Exercise brief:
Extract every line from the records below that contains the word "Longrightarrow".
_ _ _
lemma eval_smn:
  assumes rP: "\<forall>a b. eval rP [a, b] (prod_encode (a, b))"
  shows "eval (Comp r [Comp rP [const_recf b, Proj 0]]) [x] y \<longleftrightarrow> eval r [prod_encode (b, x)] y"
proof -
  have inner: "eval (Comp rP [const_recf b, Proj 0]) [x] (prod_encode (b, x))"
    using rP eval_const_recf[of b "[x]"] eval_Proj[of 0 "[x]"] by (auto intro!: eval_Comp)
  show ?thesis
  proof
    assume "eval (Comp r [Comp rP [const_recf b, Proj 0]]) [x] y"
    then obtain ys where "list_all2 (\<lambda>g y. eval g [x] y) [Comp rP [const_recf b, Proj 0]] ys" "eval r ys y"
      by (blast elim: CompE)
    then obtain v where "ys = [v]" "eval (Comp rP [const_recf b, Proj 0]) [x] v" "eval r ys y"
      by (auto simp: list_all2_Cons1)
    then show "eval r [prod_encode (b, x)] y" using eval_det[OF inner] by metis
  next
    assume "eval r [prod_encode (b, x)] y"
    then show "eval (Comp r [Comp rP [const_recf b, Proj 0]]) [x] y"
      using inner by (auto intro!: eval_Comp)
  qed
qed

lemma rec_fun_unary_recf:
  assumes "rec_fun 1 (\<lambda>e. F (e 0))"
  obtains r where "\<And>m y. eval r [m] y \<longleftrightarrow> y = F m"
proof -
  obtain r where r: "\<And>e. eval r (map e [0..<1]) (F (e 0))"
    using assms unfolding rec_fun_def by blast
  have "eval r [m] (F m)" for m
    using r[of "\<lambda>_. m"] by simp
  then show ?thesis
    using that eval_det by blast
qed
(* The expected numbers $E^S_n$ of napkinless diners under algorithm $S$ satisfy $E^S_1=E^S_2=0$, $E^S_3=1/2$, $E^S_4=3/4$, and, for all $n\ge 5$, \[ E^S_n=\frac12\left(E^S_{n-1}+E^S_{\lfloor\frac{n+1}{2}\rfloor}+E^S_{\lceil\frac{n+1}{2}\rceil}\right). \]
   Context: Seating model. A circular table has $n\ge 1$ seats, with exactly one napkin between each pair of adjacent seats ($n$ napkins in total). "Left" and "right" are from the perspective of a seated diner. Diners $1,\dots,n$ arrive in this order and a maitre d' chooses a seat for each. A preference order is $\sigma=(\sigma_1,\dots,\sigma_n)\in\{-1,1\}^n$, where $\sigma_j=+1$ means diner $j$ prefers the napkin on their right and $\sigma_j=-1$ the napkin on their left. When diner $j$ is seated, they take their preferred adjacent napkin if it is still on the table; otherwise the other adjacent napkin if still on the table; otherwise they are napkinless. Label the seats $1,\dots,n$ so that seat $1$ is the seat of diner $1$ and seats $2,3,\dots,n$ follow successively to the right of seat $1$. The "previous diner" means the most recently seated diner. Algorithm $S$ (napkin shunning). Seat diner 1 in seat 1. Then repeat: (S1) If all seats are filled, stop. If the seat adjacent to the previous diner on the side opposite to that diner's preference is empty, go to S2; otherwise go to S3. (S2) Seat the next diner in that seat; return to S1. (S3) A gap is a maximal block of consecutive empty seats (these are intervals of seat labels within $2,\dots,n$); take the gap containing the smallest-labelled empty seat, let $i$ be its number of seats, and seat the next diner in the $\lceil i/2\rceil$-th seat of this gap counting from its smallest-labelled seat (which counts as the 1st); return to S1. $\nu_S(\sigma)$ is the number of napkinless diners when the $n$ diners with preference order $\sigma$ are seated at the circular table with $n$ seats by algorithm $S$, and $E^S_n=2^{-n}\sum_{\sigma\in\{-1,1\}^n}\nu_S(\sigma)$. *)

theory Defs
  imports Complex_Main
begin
_ _ _
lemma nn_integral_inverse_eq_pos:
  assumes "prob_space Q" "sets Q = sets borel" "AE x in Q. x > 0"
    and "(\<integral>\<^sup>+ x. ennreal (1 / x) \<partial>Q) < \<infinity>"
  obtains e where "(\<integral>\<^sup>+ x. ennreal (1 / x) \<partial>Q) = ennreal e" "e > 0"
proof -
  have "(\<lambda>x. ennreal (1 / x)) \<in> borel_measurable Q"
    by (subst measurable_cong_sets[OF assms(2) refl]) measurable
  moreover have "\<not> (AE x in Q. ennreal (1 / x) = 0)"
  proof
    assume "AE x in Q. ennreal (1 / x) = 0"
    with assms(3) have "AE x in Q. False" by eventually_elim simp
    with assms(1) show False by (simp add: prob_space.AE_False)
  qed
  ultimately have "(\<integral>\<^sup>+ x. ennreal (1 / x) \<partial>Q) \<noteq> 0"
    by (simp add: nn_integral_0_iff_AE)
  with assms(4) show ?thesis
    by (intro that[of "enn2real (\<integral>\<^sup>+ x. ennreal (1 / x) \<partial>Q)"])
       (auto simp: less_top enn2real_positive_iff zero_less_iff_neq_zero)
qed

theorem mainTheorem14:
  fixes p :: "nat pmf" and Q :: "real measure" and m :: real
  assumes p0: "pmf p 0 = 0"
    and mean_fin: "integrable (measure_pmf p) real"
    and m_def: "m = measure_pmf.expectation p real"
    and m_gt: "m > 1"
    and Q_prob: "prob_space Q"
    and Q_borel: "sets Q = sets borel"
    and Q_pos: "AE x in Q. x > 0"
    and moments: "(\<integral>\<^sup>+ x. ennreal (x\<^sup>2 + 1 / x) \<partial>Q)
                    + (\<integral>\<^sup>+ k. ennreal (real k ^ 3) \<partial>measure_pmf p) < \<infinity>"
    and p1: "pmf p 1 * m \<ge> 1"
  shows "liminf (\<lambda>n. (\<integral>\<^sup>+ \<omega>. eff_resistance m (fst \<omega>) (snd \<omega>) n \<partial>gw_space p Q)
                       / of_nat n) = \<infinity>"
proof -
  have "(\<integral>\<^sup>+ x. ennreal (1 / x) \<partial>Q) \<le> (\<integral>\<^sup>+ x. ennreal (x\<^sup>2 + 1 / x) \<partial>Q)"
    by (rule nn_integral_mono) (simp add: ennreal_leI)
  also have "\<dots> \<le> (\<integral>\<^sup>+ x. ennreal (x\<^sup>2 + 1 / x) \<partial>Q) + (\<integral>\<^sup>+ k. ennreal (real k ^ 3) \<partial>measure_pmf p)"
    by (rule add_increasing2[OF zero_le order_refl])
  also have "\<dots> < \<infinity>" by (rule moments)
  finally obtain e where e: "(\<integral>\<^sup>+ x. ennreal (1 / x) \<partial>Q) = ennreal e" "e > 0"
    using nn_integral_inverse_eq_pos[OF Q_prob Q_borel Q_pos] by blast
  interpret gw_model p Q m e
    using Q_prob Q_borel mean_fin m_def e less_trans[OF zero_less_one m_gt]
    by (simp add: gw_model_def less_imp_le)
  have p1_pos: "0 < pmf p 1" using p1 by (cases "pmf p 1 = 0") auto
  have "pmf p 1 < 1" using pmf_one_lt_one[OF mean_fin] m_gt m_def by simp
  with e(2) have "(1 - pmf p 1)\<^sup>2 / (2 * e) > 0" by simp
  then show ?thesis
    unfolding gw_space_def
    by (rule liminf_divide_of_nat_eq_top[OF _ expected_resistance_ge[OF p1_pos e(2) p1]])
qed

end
_ _ _
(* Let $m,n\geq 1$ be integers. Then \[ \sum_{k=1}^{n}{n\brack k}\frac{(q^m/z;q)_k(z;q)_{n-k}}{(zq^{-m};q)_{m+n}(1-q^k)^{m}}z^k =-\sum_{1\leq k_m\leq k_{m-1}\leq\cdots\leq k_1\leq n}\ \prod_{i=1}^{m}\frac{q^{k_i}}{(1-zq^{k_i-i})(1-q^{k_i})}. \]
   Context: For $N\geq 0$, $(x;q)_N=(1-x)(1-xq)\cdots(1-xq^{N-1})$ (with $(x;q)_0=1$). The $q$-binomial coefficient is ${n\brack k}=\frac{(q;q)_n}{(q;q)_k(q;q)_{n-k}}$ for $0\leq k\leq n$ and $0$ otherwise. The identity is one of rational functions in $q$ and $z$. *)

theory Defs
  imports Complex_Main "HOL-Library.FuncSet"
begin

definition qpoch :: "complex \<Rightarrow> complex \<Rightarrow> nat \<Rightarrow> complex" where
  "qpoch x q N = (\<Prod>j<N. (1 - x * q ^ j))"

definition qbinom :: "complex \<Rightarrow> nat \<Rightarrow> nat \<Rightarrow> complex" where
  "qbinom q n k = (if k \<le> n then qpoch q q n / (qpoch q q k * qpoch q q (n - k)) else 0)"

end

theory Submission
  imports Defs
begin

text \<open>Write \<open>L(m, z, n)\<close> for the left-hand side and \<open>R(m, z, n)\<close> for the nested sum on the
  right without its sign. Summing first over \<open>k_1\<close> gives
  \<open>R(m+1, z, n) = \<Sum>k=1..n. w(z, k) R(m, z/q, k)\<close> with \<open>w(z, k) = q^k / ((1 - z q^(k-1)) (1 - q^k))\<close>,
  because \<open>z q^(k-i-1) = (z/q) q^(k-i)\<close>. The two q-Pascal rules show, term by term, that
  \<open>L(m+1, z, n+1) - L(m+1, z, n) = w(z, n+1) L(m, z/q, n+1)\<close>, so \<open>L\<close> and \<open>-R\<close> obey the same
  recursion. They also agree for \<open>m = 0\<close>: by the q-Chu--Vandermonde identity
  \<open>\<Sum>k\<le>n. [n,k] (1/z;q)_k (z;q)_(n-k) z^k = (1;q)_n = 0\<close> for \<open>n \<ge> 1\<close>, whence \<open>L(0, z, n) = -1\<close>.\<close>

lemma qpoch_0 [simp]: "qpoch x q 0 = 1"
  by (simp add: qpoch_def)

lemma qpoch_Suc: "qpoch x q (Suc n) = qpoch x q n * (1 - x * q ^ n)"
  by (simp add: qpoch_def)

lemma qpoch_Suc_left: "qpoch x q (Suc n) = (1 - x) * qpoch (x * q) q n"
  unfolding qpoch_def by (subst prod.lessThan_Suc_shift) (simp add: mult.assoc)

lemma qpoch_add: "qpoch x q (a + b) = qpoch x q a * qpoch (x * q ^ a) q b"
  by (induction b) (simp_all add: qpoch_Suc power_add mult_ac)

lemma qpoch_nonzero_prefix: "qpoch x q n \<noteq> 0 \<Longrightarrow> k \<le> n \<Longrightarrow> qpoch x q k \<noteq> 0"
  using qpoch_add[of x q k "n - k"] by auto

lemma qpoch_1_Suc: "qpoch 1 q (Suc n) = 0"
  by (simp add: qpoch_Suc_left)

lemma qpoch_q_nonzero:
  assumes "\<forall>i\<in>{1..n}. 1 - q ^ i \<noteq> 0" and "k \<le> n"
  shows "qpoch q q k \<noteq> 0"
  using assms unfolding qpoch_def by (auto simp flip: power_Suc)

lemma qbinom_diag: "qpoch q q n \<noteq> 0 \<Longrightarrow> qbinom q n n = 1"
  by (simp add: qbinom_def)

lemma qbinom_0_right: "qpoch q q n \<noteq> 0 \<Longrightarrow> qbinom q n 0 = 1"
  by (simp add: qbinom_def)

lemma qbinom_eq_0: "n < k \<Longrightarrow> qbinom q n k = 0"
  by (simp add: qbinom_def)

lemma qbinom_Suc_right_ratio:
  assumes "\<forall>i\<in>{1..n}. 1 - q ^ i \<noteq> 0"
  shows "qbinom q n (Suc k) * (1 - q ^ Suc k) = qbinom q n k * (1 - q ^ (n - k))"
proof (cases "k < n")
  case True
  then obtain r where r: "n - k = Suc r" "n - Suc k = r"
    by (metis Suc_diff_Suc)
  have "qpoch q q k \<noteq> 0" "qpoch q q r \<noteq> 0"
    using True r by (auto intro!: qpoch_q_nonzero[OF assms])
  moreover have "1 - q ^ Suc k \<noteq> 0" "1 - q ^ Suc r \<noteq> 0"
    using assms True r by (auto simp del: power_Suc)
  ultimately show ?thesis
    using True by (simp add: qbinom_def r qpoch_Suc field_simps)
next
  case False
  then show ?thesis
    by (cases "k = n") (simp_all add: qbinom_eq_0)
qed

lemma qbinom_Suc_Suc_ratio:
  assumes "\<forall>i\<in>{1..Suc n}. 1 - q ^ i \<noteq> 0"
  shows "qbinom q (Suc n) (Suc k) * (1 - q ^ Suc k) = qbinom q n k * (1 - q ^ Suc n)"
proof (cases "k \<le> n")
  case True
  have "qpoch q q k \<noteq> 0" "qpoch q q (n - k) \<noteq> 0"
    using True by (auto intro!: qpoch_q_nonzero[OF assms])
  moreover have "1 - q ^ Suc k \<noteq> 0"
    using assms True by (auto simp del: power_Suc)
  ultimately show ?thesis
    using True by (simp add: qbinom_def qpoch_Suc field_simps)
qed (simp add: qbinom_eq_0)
_ _ _
Exercise answer:
lemma qpoch_nonzero_prefix: "qpoch x q n \<noteq> 0 \<Longrightarrow> k \<le> n \<Longrightarrow> qpoch x q k \<noteq> 0"
lemma qbinom_diag: "qpoch q q n \<noteq> 0 \<Longrightarrow> qbinom q n n = 1"
lemma qbinom_0_right: "qpoch q q n \<noteq> 0 \<Longrightarrow> qbinom q n 0 = 1"
lemma qbinom_eq_0: "n < k \<Longrightarrow> qbinom q n k = 0"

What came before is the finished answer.